Just wondering if you think the Maxspect Nano Razor (60W) 16K might be too powerful for a 5 gallon Fluval Spec, set up as a nano saltwater reef tank? I could always raise it about 12" above too, if need be, and dim the settings. 
The Fluval Spec is currently set up as a freshwater beta tank, but the occupant is slowly on his way out and my 29G NanoCube reef tank is going to have to be stripped soon anyways (moving) and won't be able to be set up in the new place (restrictions), so figured I could save some corals and equipment and set up this nano in the meantime that would be allowed at the new place.

Thanks for any input,

Trav


----------



## spit.fire (Jan 3, 2011)

do you already have the maxspect?
they're fully dimmable so technically they cannot be too powerful, also if you aclimatize the corals to higher light, most corals can handle ALOT of light (im running 4 t5's and 180w of leds over my 36"x 24" x 16" tank where the t5's alone would be plenty0


----------



## SeaHorse_Fanatic (Apr 22, 2010)

Yes, if you dim it way down and then slowly ramp up till you find its a good light level for the corals, then you should be ok. This is only if you already have the Maxspect. Will the eurobracing on the Edge block off a lot of light? It may cause you to have green algae forming on the underside of the top pane on your Edge.


----------



## Travillion (Apr 20, 2014)

SeaHorse_Fanatic said:


> Yes, if you dim it way down and then slowly ramp up till you find its a good light level for the corals, then you should be ok.

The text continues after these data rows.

lemma represents_transposed_identity:
  assumes down_natural down_mc_compatible
  shows "represents (Cmp (ur_inv A) (down Unit XA (Ide XA)))"
proof -
  define D where "D = down Unit XA (Ide XA)"
  have D: "Arr D" "Dom D = Tob A Unit" "Cod D = Hom X XA"
    unfolding D_def by simp_all
  have "down B Y f = Cmp (Tm (Cmp (ur_inv A) D) f) (Mc X XA Y)"
    if f: "Arr f" "Dom f = B" "Cod f = Hom XA Y" for B Y f
  proof -
    define k where "k = Cmp (Tm (Ide XA) f) (Mc XA XA Y)"
    have k: "Arr k" "Dom k = Tob Unit B" "Cod k = Hom XA Y"
      unfolding k_def using f by simp_all
    have "f = Cmp (ul_inv B) k"
      using f mc_ide_left[of f XA Y] unfolding k_def by (intro iso_cancel_left ul_iso) simp_all
    then have "down B Y f = Cmp (Tm (Idn A) (ul_inv B)) (down (Tob Unit B) Y k)"
      using down_naturalD[OF assms(1), of "ul_inv B" B "Tob Unit B" k Y] f k by simp
    moreover have "down (Tob Unit B) Y k = Cmp (assoc_inv A Unit B) (Cmp (Tm D f) (Mc X XA Y))"
      using down_mc_compatibleD[OF assms(2), of "Ide XA" Unit XA f B Y] f k
      unfolding D_def k_def by (intro iso_cancel_left assoc_iso) simp_all
    ultimately have "down B Y f = Cmp (Tm (ur_inv A) (Idn B)) (Cmp (Tm D f) (Mc X XA Y))"
      using f D by (simp add: cmp_assoc flip: triangle_inv)
    then show ?thesis
      using f D tm_cmp[of "ur_inv A" D "Idn B" f] by (simp add: cmp_assoc)
  qed
  then show ?thesis
    using D unfolding represents_def hom_in_def D_def[symmetric] by simp
qed

theorem representable_iff:
  "(\<exists>\<eta>. represents \<eta>) \<longleftrightarrow> down_natural \<and> up_natural \<and> down_mc_compatible \<and> up_mc_compatible"
  using represents_imp_down_natural down_natural_imp_up_natural
    represents_imp_down_mc_compatible down_mc_compatible_imp_up_mc_compatible
    represents_transposed_identity
  by blast

end

theorem mainTheorem4:
  fixes Arr :: "'m \<Rightarrow> bool" and Dom Cod :: "'m \<Rightarrow> 'o"
    and Cmp :: "'m \<Rightarrow> 'm \<Rightarrow> 'm" and Idn :: "'o \<Rightarrow> 'm"
    and Tob :: "'o \<Rightarrow> 'o \<Rightarrow> 'o" and Tm :: "'m \<Rightarrow> 'm \<Rightarrow> 'm" and Unit :: 'o
    and Assoc :: "'o \<Rightarrow> 'o \<Rightarrow> 'o \<Rightarrow> 'm" and UL UR :: "'o \<Rightarrow> 'm"
    and Hom :: "'x \<Rightarrow> 'x \<Rightarrow> 'o" and Mc :: "'x \<Rightarrow> 'x \<Rightarrow> 'x \<Rightarrow> 'm" and Ide :: "'x \<Rightarrow> 'm"
    and X XA :: 'x and A :: 'o
    and down :: "'o \<Rightarrow> 'x \<Rightarrow> 'm \<Rightarrow> 'm" and up :: "'o \<Rightarrow> 'x \<Rightarrow> 'm \<Rightarrow> 'm"
  assumes enr: "enriched_category Arr Dom Cod Cmp Idn Tob Tm Unit Assoc UL UR Hom Mc Ide"
    and down_hom: "\<And>B Y f. hom_in Arr Dom Cod f B (Hom XA Y) \<Longrightarrow>
                      hom_in Arr Dom Cod (down B Y f) (Tob A B) (Hom X Y)"
    and up_hom: "\<And>B Y g. hom_in Arr Dom Cod g (Tob A B) (Hom X Y) \<Longrightarrow>
                      hom_in Arr Dom Cod (up B Y g) B (Hom XA Y)"
    and up_down: "\<And>B Y f. hom_in Arr Dom Cod f B (Hom XA Y) \<Longrightarrow> up B Y (down B Y f) = f"
    and down_up: "\<And>B Y g. hom_in Arr Dom Cod g (Tob A B) (Hom X Y) \<Longrightarrow> down B Y (up B Y g) = g"
  shows "(\<exists>\<eta>. hom_in Arr Dom Cod \<eta> A (Hom X XA) \<and>
            (\<forall>B Y f. hom_in Arr Dom Cod f B (Hom XA Y) \<longrightarrow>
                 down B Y f = Cmp (Tm \<eta> f) (Mc X XA Y)))
     \<longleftrightarrow>
     ((\<forall>B B' Y h f. hom_in Arr Dom Cod h B' B \<and> hom_in Arr Dom Cod f B (Hom XA Y) \<longrightarrow>
          Cmp (Tm (Idn A) h) (down B Y f) = down B' Y (Cmp h f))
    \<and> (\<forall>B B' Y h g. hom_in Arr Dom Cod h B' B \<and> hom_in Arr Dom Cod g (Tob A B) (Hom X Y) \<longrightarrow>
          Cmp h (up B Y g) = up B' Y (Cmp (Tm (Idn A) h) g))
    \<and> (\<forall>B C Y Z f g. hom_in Arr Dom Cod f B (Hom XA Y) \<and> hom_in Arr Dom Cod g C (Hom Y Z) \<longrightarrow>
          Cmp (Tm (down B Y f) g) (Mc X Y Z)
            = Cmp (Assoc A B C) (down (Tob B C) Z (Cmp (Tm f g) (Mc XA Y Z))))
    \<and> (\<forall>B C Y Z f g. hom_in Arr Dom Cod f (Tob A B) (Hom X Y) \<and> hom_in Arr Dom Cod g C (Hom Y Z) \<longrightarrow>
          Cmp (Tm (up B Y f) g) (Mc XA Y Z)
            = up (Tob B C) Z (Cmp (inv_arr Arr Dom Cod Cmp Idn (Assoc A B C)) (Cmp (Tm f g) (Mc X Y Z)))))"
proof -
  interpret hom_transposition Arr Dom Cod Cmp Idn Tob Tm Unit Assoc UL UR Hom Mc Ide X XA A down up
    using enr down_hom up_hom up_down down_up
    by (intro hom_transposition.intro hom_transposition_axioms.intro)
  show ?thesis
    using representable_iff
    unfolding represents_def down_natural_def up_natural_def
      down_mc_compatible_def up_mc_compatible_def .
qed

end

This is only if you already have the Maxspect. Will the eurobracing on the Edge block off a lot of light? It may cause you to have green algae forming on the underside of the top pane on your Edge.


Thanks for the input. It's the Spec, so there is a removable plastic covering. I was just going to keep it as an open top like my nanocube is right now. And yes I already have the razor running on the nanocube at a full 100%, so I figured the corals would adapt easier.


----------